The task:
From the records below, print exactly the lines starting at the one containing "w) = (\<Sum>f\<in>basis" and ending at the one containing "unfolding qform_def by", ends included, and nothing else.

[Dataset records]

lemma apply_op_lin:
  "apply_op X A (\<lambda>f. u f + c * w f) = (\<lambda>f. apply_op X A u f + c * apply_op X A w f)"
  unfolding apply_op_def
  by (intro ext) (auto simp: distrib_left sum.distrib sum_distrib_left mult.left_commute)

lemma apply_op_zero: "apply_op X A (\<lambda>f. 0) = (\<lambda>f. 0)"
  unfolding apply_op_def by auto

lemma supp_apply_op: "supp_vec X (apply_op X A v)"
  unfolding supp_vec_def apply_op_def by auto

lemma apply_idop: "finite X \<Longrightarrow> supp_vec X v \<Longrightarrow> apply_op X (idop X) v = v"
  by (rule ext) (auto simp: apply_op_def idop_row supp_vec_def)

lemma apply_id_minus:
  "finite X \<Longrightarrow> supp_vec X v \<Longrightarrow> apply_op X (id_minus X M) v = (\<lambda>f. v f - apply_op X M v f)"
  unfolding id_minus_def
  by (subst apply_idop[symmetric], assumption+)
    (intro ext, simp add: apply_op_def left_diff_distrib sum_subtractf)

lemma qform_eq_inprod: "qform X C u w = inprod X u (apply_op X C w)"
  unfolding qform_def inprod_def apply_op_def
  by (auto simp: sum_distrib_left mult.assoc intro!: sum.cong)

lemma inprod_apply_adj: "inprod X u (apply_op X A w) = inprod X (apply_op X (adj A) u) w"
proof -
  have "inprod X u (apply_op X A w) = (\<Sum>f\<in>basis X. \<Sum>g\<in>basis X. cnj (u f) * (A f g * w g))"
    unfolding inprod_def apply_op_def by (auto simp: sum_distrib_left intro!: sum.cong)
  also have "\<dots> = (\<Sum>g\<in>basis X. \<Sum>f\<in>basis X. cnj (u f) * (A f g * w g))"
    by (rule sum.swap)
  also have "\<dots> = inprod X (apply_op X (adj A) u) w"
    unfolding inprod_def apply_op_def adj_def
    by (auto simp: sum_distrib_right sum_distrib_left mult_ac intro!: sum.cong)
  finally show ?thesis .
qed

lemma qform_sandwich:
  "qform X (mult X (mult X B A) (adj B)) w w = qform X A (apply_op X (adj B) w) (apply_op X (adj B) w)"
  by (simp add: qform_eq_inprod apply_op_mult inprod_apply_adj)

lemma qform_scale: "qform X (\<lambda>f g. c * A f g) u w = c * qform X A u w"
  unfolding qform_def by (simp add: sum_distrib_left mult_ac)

==

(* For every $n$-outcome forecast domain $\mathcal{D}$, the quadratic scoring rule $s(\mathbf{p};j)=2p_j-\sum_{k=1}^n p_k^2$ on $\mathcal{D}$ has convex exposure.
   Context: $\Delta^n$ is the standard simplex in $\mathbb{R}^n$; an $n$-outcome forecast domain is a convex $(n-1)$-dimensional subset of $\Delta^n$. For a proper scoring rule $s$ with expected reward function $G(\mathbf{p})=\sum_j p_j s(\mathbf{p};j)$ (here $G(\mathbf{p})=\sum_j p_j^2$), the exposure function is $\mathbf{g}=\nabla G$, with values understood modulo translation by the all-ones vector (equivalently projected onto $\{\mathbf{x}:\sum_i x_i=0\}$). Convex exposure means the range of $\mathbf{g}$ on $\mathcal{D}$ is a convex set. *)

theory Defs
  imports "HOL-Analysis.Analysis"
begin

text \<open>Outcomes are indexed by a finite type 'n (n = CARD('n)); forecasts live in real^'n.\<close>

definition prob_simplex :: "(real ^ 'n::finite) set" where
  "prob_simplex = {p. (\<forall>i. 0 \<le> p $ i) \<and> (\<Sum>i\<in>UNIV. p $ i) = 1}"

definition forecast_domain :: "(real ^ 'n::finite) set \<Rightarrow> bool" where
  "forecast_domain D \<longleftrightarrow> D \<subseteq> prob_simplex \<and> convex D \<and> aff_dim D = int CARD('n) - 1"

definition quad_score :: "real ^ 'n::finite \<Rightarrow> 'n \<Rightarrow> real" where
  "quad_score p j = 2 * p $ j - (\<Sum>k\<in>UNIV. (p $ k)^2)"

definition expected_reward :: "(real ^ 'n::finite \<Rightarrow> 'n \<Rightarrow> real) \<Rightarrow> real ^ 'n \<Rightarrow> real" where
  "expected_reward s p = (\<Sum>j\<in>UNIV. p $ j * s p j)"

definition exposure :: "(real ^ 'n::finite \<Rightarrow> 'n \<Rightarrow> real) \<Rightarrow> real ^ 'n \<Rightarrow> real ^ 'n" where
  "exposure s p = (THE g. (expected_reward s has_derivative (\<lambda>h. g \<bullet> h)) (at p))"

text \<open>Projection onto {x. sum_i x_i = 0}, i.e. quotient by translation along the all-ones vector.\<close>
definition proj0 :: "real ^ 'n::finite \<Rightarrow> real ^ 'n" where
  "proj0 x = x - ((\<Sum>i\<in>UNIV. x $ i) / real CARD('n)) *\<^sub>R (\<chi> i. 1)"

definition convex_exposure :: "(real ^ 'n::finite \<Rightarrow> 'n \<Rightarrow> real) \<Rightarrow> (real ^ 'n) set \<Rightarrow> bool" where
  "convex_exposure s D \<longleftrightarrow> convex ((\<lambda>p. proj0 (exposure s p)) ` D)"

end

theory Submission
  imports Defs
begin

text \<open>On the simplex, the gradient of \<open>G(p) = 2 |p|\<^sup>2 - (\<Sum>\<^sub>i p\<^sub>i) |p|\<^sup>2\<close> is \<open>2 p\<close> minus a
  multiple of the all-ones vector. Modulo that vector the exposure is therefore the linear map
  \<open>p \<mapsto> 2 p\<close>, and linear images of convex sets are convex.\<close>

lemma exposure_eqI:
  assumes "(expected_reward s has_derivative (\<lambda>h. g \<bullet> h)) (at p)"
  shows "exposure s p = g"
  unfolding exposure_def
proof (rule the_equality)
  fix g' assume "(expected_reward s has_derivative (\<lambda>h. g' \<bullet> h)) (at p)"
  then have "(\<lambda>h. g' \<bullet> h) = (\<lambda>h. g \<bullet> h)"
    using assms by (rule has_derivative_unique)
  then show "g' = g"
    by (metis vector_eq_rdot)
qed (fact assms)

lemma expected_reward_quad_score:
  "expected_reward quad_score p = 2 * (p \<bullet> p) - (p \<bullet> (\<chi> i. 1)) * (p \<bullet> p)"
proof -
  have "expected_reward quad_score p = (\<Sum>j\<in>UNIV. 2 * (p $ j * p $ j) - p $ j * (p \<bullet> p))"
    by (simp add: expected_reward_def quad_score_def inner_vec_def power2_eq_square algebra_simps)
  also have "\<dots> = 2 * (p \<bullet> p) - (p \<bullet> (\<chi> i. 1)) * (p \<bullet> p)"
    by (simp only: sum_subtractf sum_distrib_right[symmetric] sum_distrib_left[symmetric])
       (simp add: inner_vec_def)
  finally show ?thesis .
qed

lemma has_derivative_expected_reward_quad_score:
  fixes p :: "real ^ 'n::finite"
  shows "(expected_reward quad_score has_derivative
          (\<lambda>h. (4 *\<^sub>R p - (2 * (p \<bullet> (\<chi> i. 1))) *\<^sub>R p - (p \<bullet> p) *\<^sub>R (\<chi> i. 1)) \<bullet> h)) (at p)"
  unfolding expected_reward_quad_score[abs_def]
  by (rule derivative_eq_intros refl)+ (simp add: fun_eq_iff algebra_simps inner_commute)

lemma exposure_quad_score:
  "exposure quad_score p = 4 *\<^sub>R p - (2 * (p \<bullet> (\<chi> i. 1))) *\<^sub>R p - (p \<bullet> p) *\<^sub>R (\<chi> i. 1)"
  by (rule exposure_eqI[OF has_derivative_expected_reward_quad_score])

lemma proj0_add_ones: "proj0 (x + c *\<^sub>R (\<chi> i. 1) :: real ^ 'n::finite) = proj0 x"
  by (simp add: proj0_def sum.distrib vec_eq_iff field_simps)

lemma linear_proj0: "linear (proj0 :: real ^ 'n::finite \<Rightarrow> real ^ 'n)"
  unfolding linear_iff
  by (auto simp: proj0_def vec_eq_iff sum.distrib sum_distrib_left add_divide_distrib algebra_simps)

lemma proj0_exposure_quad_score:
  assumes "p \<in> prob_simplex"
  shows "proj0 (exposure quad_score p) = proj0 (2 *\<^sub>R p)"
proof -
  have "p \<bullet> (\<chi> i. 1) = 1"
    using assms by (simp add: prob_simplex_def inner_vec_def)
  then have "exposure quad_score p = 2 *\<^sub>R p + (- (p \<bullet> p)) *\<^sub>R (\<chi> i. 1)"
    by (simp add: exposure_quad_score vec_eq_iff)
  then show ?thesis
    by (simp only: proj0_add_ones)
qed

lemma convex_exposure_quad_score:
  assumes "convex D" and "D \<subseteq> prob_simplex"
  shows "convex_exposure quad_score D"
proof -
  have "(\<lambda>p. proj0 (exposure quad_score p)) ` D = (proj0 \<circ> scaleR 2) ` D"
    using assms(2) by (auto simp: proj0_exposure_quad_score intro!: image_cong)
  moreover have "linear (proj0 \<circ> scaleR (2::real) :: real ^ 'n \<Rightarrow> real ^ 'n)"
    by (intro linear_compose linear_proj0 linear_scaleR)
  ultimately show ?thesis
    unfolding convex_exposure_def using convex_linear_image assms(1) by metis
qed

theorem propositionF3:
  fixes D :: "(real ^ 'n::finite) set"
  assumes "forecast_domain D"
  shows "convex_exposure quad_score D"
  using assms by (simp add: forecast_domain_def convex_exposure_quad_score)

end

Output for this task:
  have "inprod X u (apply_op X A w) = (\<Sum>f\<in>basis X. \<Sum>g\<in>basis X. cnj (u f) * (A f g * w g))"
    unfolding inprod_def apply_op_def by (auto simp: sum_distrib_left intro!: sum.cong)
  also have "\<dots> = (\<Sum>g\<in>basis X. \<Sum>f\<in>basis X. cnj (u f) * (A f g * w g))"
    by (rule sum.swap)
  also have "\<dots> = inprod X (apply_op X (adj A) u) w"
    unfolding inprod_def apply_op_def adj_def
    by (auto simp: sum_distrib_right sum_distrib_left mult_ac intro!: sum.cong)
  finally show ?thesis .
qed

lemma qform_sandwich:
  "qform X (mult X (mult X B A) (adj B)) w w = qform X A (apply_op X (adj B) w) (apply_op X (adj B) w)"
  by (simp add: qform_eq_inprod apply_op_mult inprod_apply_adj)

lemma qform_scale: "qform X (\<lambda>f g. c * A f g) u w = c * qform X A u w"
  unfolding qform_def by (simp add: sum_distrib_left mult_ac)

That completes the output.